* _PROBLEM DESCRIPTION_
Only the count is needed. Count the lines below with the word "simp" in them.

=== Begin Enclosure ===

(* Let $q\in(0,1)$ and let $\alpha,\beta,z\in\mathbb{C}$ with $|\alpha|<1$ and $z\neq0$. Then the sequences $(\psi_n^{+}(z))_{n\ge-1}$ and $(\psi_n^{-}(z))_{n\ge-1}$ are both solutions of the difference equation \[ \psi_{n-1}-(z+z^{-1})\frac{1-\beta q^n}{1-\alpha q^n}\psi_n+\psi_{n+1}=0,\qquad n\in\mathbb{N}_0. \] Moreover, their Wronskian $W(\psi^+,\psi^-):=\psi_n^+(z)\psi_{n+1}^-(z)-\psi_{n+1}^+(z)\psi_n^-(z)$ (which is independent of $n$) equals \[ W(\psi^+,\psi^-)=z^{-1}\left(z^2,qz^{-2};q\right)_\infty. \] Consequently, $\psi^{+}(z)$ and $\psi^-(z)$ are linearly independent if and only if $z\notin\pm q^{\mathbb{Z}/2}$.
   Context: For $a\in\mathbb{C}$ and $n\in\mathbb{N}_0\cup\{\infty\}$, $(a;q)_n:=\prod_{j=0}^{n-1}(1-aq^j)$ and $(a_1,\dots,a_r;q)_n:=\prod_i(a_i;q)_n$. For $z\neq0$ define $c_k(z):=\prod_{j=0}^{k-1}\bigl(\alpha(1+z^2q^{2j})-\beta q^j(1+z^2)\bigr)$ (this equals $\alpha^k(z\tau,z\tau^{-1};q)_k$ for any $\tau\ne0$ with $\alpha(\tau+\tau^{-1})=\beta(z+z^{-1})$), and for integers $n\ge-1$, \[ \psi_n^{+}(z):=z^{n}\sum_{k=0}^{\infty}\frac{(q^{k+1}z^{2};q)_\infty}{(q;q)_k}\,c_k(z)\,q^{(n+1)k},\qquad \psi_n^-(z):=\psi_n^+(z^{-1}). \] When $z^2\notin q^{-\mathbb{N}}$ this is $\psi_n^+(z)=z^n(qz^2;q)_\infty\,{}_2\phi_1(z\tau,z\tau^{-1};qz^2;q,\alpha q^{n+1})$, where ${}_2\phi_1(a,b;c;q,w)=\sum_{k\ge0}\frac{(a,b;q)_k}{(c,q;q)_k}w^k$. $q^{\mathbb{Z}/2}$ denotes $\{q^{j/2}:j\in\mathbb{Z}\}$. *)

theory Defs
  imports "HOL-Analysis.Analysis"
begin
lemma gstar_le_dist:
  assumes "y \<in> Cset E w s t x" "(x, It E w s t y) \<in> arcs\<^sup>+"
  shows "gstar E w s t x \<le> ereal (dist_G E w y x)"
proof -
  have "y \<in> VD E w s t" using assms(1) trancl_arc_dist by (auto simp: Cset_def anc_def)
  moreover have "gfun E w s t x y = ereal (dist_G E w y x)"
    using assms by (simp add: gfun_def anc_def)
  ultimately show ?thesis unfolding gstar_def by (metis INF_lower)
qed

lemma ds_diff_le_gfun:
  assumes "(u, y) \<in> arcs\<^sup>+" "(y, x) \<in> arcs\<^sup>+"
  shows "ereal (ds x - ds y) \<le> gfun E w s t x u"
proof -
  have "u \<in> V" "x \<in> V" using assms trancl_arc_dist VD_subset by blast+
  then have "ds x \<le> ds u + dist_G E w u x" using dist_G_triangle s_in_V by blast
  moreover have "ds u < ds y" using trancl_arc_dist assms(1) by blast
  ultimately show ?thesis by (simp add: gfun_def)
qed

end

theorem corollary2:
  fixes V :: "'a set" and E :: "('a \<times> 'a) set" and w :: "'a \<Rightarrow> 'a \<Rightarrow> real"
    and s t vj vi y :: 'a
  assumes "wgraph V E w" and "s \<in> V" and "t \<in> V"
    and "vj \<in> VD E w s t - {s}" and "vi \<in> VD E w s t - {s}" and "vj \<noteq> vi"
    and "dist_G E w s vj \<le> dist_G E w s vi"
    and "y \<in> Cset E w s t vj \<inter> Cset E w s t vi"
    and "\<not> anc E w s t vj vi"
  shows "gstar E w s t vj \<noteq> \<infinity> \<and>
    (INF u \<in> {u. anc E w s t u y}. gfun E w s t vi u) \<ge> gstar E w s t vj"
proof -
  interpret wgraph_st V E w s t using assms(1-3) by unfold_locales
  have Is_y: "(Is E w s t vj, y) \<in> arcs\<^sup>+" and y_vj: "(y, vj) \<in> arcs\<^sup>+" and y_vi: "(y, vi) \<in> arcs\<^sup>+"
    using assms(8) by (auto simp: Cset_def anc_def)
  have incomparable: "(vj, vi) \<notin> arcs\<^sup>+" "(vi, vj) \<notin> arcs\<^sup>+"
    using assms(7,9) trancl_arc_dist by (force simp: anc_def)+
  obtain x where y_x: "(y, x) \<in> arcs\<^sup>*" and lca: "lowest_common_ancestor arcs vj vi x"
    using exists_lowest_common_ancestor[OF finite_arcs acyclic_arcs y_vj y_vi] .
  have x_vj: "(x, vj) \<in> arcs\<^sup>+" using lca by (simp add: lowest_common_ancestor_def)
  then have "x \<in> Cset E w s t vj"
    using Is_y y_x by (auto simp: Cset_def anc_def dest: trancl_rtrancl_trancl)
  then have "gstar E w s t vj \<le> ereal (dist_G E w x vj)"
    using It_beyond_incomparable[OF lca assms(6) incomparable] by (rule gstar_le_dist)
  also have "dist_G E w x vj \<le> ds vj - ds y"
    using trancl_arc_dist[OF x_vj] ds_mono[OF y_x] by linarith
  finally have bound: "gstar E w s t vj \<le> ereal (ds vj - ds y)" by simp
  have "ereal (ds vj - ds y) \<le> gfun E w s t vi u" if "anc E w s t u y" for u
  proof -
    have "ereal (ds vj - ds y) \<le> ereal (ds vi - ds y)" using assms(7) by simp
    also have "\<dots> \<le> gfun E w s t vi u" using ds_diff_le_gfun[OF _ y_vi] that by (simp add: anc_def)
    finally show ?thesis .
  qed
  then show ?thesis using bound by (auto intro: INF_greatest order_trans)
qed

=== End Enclosure ===

* _FINAL ANSWER_
10